Fatty15 contains a single active ingredient: pentadecanoic acid, also known as C15:0, a type of odd-chain saturated fatty acid. Each capsule delivers 100 mg of this fat, and the recommended dose is one capsule per day. That simplicity is the product’s main selling point: one ingredient, one capsule, no complex formulations.
What C15:0 Actually Is
Pentadecanoic acid is a 15-carbon saturated fat found naturally in whole dairy products like butter and full-fat milk. It belongs to a category called odd-chain saturated fatty acids, which are structurally different from the more common even-chain fats (like the 16-carbon palmitic acid found in palm oil). Your body doesn’t produce C15:0 on its own, and as diets have shifted away from whole-fat dairy over the past several decades, blood levels of this fat have declined in many populations.
The version used in Fatty15 is a pure, free fatty acid form of C15:0. It has been evaluated by the Flavor and Extract Manufacturers Association (FEMA) expert panel and carries a GRAS (Generally Recognized as Safe) designation on the FDA’s food substances database, where it is listed as a flavoring agent.
How C15:0 Works in the Body
C15:0 does two main things at the cellular level: it strengthens cell membranes and supports mitochondria, the structures inside cells that produce energy.
Because C15:0 is a saturated fat with an odd-numbered carbon chain, it resists the kind of damage (called lipid peroxidation) that breaks down cell membranes over time. When it integrates into cell membranes, it makes them more stable and less vulnerable to oxidative stress. Research published in the World Journal of Cardiology found that supplementation with C15:0 improved red blood cell stability and reduced the breakdown of red blood cells in animal studies.
On the mitochondrial side, C15:0 at concentrations around 10 to 50 micromoles per liter restores the electrical charge that mitochondria need to generate energy efficiently. Specifically, it boosts the activity of a key step in the energy production chain (complex II), which helps cells produce more of their primary fuel, ATP, while generating fewer harmful byproducts called reactive oxygen species. In simpler terms, it helps your cells’ power plants run more cleanly. It also activates pathways involved in creating new mitochondria, which could increase the overall supply of healthy, functioning energy producers in tissues like the heart.
What the Research Shows
The most relevant human trial to date tested C15:0 supplementation in young adults with overweight and obesity. Among participants whose blood levels of C15:0 rose above a threshold of 5 micrograms per milliliter, liver enzyme levels dropped significantly. One key liver enzyme (ALT) decreased by 29 units per liter, and another (AST) dropped by 6 units per liter, compared to participants who didn’t reach that blood level. Elevated liver enzymes are a common marker of liver stress, so these reductions suggest a meaningful effect on liver health, though only in people who absorbed enough of the supplement to cross that concentration threshold.

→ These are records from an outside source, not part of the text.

lemma AE_scor_tendsto_pcor:
  fixes V :: "nat \<Rightarrow> 'a \<Rightarrow> 'b" and f g :: "'b \<Rightarrow> real"
  assumes indep: "indep_vars (\<lambda>_. N) V UNIV" and ident: "\<And>t. distr M N (V t) = distr M N (V 0)"
    and f [measurable]: "f \<in> borel_measurable N" and g [measurable]: "g \<in> borel_measurable N"
    and sq_f: "square_integrable M (\<lambda>w. f (V 0 w))" and sq_g: "square_integrable M (\<lambda>w. g (V 0 w))"
  shows "AE w in M. (\<lambda>n. scor n (\<lambda>t. f (V t w)) (\<lambda>t. g (V t w)))
    \<longlonglongrightarrow> pcor M (\<lambda>w. f (V 0 w)) (\<lambda>w. g (V 0 w))"
proof (cases "pvar M (\<lambda>w. f (V 0 w)) * pvar M (\<lambda>w. g (V 0 w)) = 0")
  case True
  then have pcor_0: "pcor M (\<lambda>w. f (V 0 w)) (\<lambda>w. g (V 0 w)) = 0" unfolding pcor_def by simp
  have "V t \<in> measurable M N" for t using indep unfolding indep_vars_def by auto
  from AE_scor_eq_0_if_pvar_mult_eq_0[where V = V and f = f and g = g, OF this ident f g sq_f sq_g True]
  show ?thesis unfolding pcor_0 by eventually_elim simp
next
  case False
  let ?F = "\<lambda>w. f (V 0 w)" and ?G = "\<lambda>w. g (V 0 w)"
  have "AE w in M. (\<lambda>n. smean n (\<lambda>t. f (V t w))) \<longlonglongrightarrow> expectation ?F"
    "AE w in M. (\<lambda>n. smean n (\<lambda>t. g (V t w))) \<longlonglongrightarrow> expectation ?G"
    "AE w in M. (\<lambda>n. smean n (\<lambda>t. f (V t w) * g (V t w))) \<longlonglongrightarrow> expectation (\<lambda>w. ?F w * ?G w)"
    "AE w in M. (\<lambda>n. smean n (\<lambda>t. f (V t w) * f (V t w))) \<longlonglongrightarrow> expectation (\<lambda>w. ?F w * ?F w)"
    "AE w in M. (\<lambda>n. smean n (\<lambda>t. g (V t w) * g (V t w))) \<longlonglongrightarrow> expectation (\<lambda>w. ?G w * ?G w)"
    using AE_smean_comp_tendsto[OF indep ident, of f] AE_smean_comp_tendsto[OF indep ident, of g]
      AE_smean_comp_tendsto[OF indep ident, of "\<lambda>v. f v * g v"]
      AE_smean_comp_tendsto[OF indep ident, of "\<lambda>v. f v * f v"]
      AE_smean_comp_tendsto[OF indep ident, of "\<lambda>v. g v * g v"]
      integrable_if_square_integrable[OF sq_f] integrable_if_square_integrable[OF sq_g]
      integrable_mult_if_square_integrable[OF sq_f sq_g] integrable_mult_if_square_integrable[OF sq_f sq_f]
      integrable_mult_if_square_integrable[OF sq_g sq_g]
    by simp_all
  then show ?thesis
  proof eventually_elim
    case (elim w)
    with False show ?case
      unfolding pcor_def pvar_eq_pcov pcov_eq_expectation[OF sq_f sq_g]
        pcov_eq_expectation[OF sq_f sq_f] pcov_eq_expectation[OF sq_g sq_g]
      by (simp add: scor_tendsto)
  qed
qed

end

section \<open>Correlation of cluster means\<close>

context prob_space
begin

lemma AE_scor_cluster_means_tendsto_pcor:
  fixes Y :: "nat \<Rightarrow> 'i \<Rightarrow> 'a \<Rightarrow> real" and Z :: "nat \<Rightarrow> 'j \<Rightarrow> 'a \<Rightarrow> real"
  assumes indep: "indep_vars (\<lambda>_. Pi\<^sub>M UNIV (\<lambda>_. borel))
      (\<lambda>t w k. case k of Inl i \<Rightarrow> Y t i w | Inr j \<Rightarrow> Z t j w) UNIV"
    and ident: "\<And>t. distr M (Pi\<^sub>M UNIV (\<lambda>_. borel)) (\<lambda>w k. case k of Inl i \<Rightarrow> Y t i w | Inr j \<Rightarrow> Z t j w)
      = distr M (Pi\<^sub>M UNIV (\<lambda>_. borel)) (\<lambda>w k. case k of Inl i \<Rightarrow> Y 0 i w | Inr j \<Rightarrow> Z 0 j w)"
    and sq: "\<And>i. square_integrable M (Y 0 i)" "\<And>j. square_integrable M (Z 0 j)"
  shows "AE w in M. (\<lambda>n. scor n (\<lambda>t. (\<Sum>i\<in>S. Y t i w) / card S) (\<lambda>t. (\<Sum>j\<in>T. Z t j w) / card T))
    \<longlonglongrightarrow> pcor M (\<lambda>w. (\<Sum>i\<in>S. Y 0 i w) / card S) (\<lambda>w. (\<Sum>j\<in>T. Z 0 j w) / card T)"
proof -
  have "(\<lambda>v. (\<Sum>i\<in>S. v (Inl i)) / real (card S)) \<in> borel_measurable (Pi\<^sub>M UNIV (\<lambda>_. borel))"
    "(\<lambda>v. (\<Sum>j\<in>T. v (Inr j)) / real (card T)) \<in> borel_measurable (Pi\<^sub>M UNIV (\<lambda>_. borel))"
    by measurable
  from AE_scor_tendsto_pcor[OF indep ident this] sq show ?thesis
    by (simp add: square_integrable_divide square_integrable_sum)
qed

Notably, only about half the participants in the treatment group actually reached the effective blood level. This suggests individual absorption can vary, which is worth knowing if you’re considering the supplement. The researchers identified 5 micrograms per milliliter (roughly 20 micromoles per liter) as the concentration where C15:0 appears to become biologically active, both in cell studies and in animal models.
Animal research has shown additional effects. In a mouse model of fatty liver disease, C15:0 treatment significantly reduced lipid peroxidation in the liver. In dolphin studies (the animals where C15:0 deficiency was first identified), raising red blood cell membrane C15:0 from 0.17% to 0.58% of total fatty acids stabilized red blood cells and resolved anemia.

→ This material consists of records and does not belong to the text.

text \<open>The directions orthogonal to both \<open>edom g\<close> and the range of \<open>A\<close> are added to the
  strict hypograph so that a vertical separator is forced to vanish.\<close>

lemma epi_separated_from_strict_hypograph:
  fixes g :: "real^'m \<Rightarrow> ereal" and A :: "real^'n^'m"
  assumes nc: "nearly_convex_fun g" and "edom g \<noteq> {}"
    and minorant: "\<And>x \<mu>. g (A *v x) \<le> ereal \<mu> \<Longrightarrow> w \<bullet> x - \<mu> \<le> r"
  obtains a \<beta> b where "(a, \<beta>) \<noteq> 0"
    and "\<And>y \<mu>. g y \<le> ereal \<mu> \<Longrightarrow> a \<bullet> y + \<beta> * \<mu> \<le> b"
    and "\<And>x z \<mu>. transpose A *v z = 0 \<Longrightarrow> (\<forall>y\<in>edom g. z \<bullet> y = 0) \<Longrightarrow> \<mu> < w \<bullet> x - r
           \<Longrightarrow> b \<le> a \<bullet> (A *v x + z) + \<beta> * \<mu>"
proof -
  define Z where "Z = {z. transpose A *v z = 0 \<and> (\<forall>y\<in>edom g. z \<bullet> y = 0)}"
  define D where "D = {(A *v x + z, \<mu>) | x z \<mu>. z \<in> Z \<and> \<mu> < w \<bullet> x - r}"
  have "subspace Z"
    unfolding subspace_def Z_def
    by (auto simp del: transpose_matrix_vector
        simp: matrix_vector_right_distrib inner_add_left linear_scale[OF matrix_vector_mul_linear])
  then have "convex D"
    unfolding D_def by (rule convex_strict_hypograph_plus_subspace[OF matrix_vector_mul_linear])
  have "(A *v 0 + 0, - r - 1) \<in> D" unfolding D_def Z_def by fastforce
  then have "D \<noteq> {}" by blast
  obtain y1 where "y1 \<in> edom g" using \<open>edom g \<noteq> {}\<close> by blast
  then obtain R where "g y1 \<le> ereal R" unfolding edom_def by (cases "g y1") auto
  then have "epi g \<noteq> {}" unfolding epi_def by blast
  have "epi g \<inter> D = {}"
  proof (rule ccontr)
    assume "epi g \<inter> D \<noteq> {}"
    then obtain x z \<mu> where z: "z \<in> Z" "\<mu> < w \<bullet> x - r" and le: "g (A *v x + z) \<le> ereal \<mu>"
      unfolding D_def epi_def by blast
    then have "A *v x + z \<in> edom g" unfolding edom_def by (auto intro: le_less_trans)
    then have "z \<bullet> (A *v x + z) = 0" "z \<bullet> (A *v x) = 0"
      using z(1) transpose_mult_vec_inner[of A z x] unfolding Z_def by auto
    then have "z = 0" by (simp add: inner_add_right)
    with le z(2) minorant show False by fastforce
  qed
  obtain ab b where "ab \<noteq> 0" and sep_epi: "\<And>p. p \<in> epi g \<Longrightarrow> ab \<bullet> p \<le> b"
    and sep_D: "\<And>p. p \<in> D \<Longrightarrow> b \<le> ab \<bullet> p"
    using nearly_convex_set_separating_hyperplane[OF nc[unfolded nearly_convex_fun_def]
        \<open>epi g \<noteq> {}\<close> \<open>convex D\<close> \<open>D \<noteq> {}\<close> \<open>epi g \<inter> D = {}\<close>] by blast
  obtain a \<beta> where ab: "ab = (a, \<beta>)" by fastforce
  show thesis
  proof
    show "(a, \<beta>) \<noteq> 0" using \<open>ab \<noteq> 0\<close> ab by simp
    show "a \<bullet> y + \<beta> * \<mu> \<le> b" if "g y \<le> ereal \<mu>" for y \<mu>
      using sep_epi[of "(y, \<mu>)"] that by (simp add: ab epi_def inner_Pair)
    show "b \<le> a \<bullet> (A *v x + z) + \<beta> * \<mu>"
      if "transpose A *v z = 0" "\<forall>y\<in>edom g. z \<bullet> y = 0" "\<mu> < w \<bullet> x - r" for x z \<mu>
      using sep_D[of "(A *v x + z, \<mu>)"] that by (auto simp: ab D_def Z_def inner_Pair)
  qed
qed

What a Threshold Blood Level Means for You
Researchers have proposed that cell membranes need C15:0 to make up more than 0.4% to 0.64% of their total fatty acids for optimal long-term health. Below that range, membranes become more fragile and mitochondria more prone to dysfunction. This framing positions C15:0 not as a therapeutic drug but as a nutrient your cells need a minimum amount of to function well, similar to how you need a baseline level of vitamin D or omega-3 fatty acids.
Whether the 100 mg daily dose in Fatty15 reliably gets most people above that threshold is still an open question. The clinical trial showed that roughly half of supplemented participants crossed the key blood concentration, meaning the other half did not. Factors like diet, body composition, and individual metabolism likely play a role.
How to Take It
The manufacturer recommends one capsule daily, taken with or without food. Since the supplement’s near-term effects peak about four to six hours after taking it, most users take it in the morning. Some prefer taking it in the evening, reporting it supports their sleep. There are no specific instructions about pairing it with fat-containing meals, which is notable since many fat-soluble supplements absorb better with food.
The capsule itself is small and straightforward. Fatty15 does not contain a blend of multiple ingredients, vitamins, or herbal extracts. What you’re getting is a measured dose of a single fatty acid, which makes it easy to evaluate on its own merits without untangling the effects of a complex formula.